Stored data
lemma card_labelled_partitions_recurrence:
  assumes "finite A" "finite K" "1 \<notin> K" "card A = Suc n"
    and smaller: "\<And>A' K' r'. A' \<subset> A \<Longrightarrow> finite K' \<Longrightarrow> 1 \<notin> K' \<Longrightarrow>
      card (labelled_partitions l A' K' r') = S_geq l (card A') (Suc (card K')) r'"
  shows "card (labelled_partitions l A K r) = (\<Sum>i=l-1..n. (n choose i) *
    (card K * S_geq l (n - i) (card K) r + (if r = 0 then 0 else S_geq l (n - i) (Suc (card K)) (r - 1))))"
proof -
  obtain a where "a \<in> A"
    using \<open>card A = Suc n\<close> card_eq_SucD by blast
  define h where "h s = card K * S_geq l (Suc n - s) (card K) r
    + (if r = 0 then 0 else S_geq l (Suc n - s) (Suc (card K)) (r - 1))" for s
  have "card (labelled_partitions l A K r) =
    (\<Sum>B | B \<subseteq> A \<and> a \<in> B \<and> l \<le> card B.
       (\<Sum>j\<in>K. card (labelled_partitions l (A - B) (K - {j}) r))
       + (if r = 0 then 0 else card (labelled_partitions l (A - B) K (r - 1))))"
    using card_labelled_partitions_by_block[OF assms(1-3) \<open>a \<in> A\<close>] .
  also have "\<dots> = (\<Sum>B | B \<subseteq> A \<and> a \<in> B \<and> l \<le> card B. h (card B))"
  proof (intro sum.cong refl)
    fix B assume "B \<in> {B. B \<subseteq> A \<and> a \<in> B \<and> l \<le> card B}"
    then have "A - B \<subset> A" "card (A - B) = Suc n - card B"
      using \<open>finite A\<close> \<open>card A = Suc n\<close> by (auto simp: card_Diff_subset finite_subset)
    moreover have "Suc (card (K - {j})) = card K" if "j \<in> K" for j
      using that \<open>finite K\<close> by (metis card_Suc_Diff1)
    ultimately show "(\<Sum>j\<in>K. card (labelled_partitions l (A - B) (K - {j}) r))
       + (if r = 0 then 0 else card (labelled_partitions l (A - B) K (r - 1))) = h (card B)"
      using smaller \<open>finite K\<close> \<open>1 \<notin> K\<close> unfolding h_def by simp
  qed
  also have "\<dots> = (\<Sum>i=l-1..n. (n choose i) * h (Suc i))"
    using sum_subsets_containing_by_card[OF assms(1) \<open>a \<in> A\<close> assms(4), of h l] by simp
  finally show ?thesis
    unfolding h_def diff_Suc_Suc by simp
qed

> **DIRECTIONS FOR THIS TASK**
Every record shown above should appear again in your answer, unchanged.

> **SOLUTION TO THIS TASK**
lemma card_labelled_partitions_recurrence:
  assumes "finite A" "finite K" "1 \<notin> K" "card A = Suc n"
    and smaller: "\<And>A' K' r'. A' \<subset> A \<Longrightarrow> finite K' \<Longrightarrow> 1 \<notin> K' \<Longrightarrow>
      card (labelled_partitions l A' K' r') = S_geq l (card A') (Suc (card K')) r'"
  shows "card (labelled_partitions l A K r) = (\<Sum>i=l-1..n. (n choose i) *
    (card K * S_geq l (n - i) (card K) r + (if r = 0 then 0 else S_geq l (n - i) (Suc (card K)) (r - 1))))"
proof -
  obtain a where "a \<in> A"
    using \<open>card A = Suc n\<close> card_eq_SucD by blast
  define h where "h s = card K * S_geq l (Suc n - s) (card K) r
    + (if r = 0 then 0 else S_geq l (Suc n - s) (Suc (card K)) (r - 1))" for s
  have "card (labelled_partitions l A K r) =
    (\<Sum>B | B \<subseteq> A \<and> a \<in> B \<and> l \<le> card B.
       (\<Sum>j\<in>K. card (labelled_partitions l (A - B) (K - {j}) r))
       + (if r = 0 then 0 else card (labelled_partitions l (A - B) K (r - 1))))"
    using card_labelled_partitions_by_block[OF assms(1-3) \<open>a \<in> A\<close>] .
  also have "\<dots> = (\<Sum>B | B \<subseteq> A \<and> a \<in> B \<and> l \<le> card B. h (card B))"
  proof (intro sum.cong refl)
    fix B assume "B \<in> {B. B \<subseteq> A \<and> a \<in> B \<and> l \<le> card B}"
    then have "A - B \<subset> A" "card (A - B) = Suc n - card B"
      using \<open>finite A\<close> \<open>card A = Suc n\<close> by (auto simp: card_Diff_subset finite_subset)
    moreover have "Suc (card (K - {j})) = card K" if "j \<in> K" for j
      using that \<open>finite K\<close> by (metis card_Suc_Diff1)
    ultimately show "(\<Sum>j\<in>K. card (labelled_partitions l (A - B) (K - {j}) r))
       + (if r = 0 then 0 else card (labelled_partitions l (A - B) K (r - 1))) = h (card B)"
      using smaller \<open>finite K\<close> \<open>1 \<notin> K\<close> unfolding h_def by simp
  qed
  also have "\<dots> = (\<Sum>i=l-1..n. (n choose i) * h (Suc i))"
    using sum_subsets_containing_by_card[OF assms(1) \<open>a \<in> A\<close> assms(4), of h l] by simp
  finally show ?thesis
    unfolding h_def diff_Suc_Suc by simp
qed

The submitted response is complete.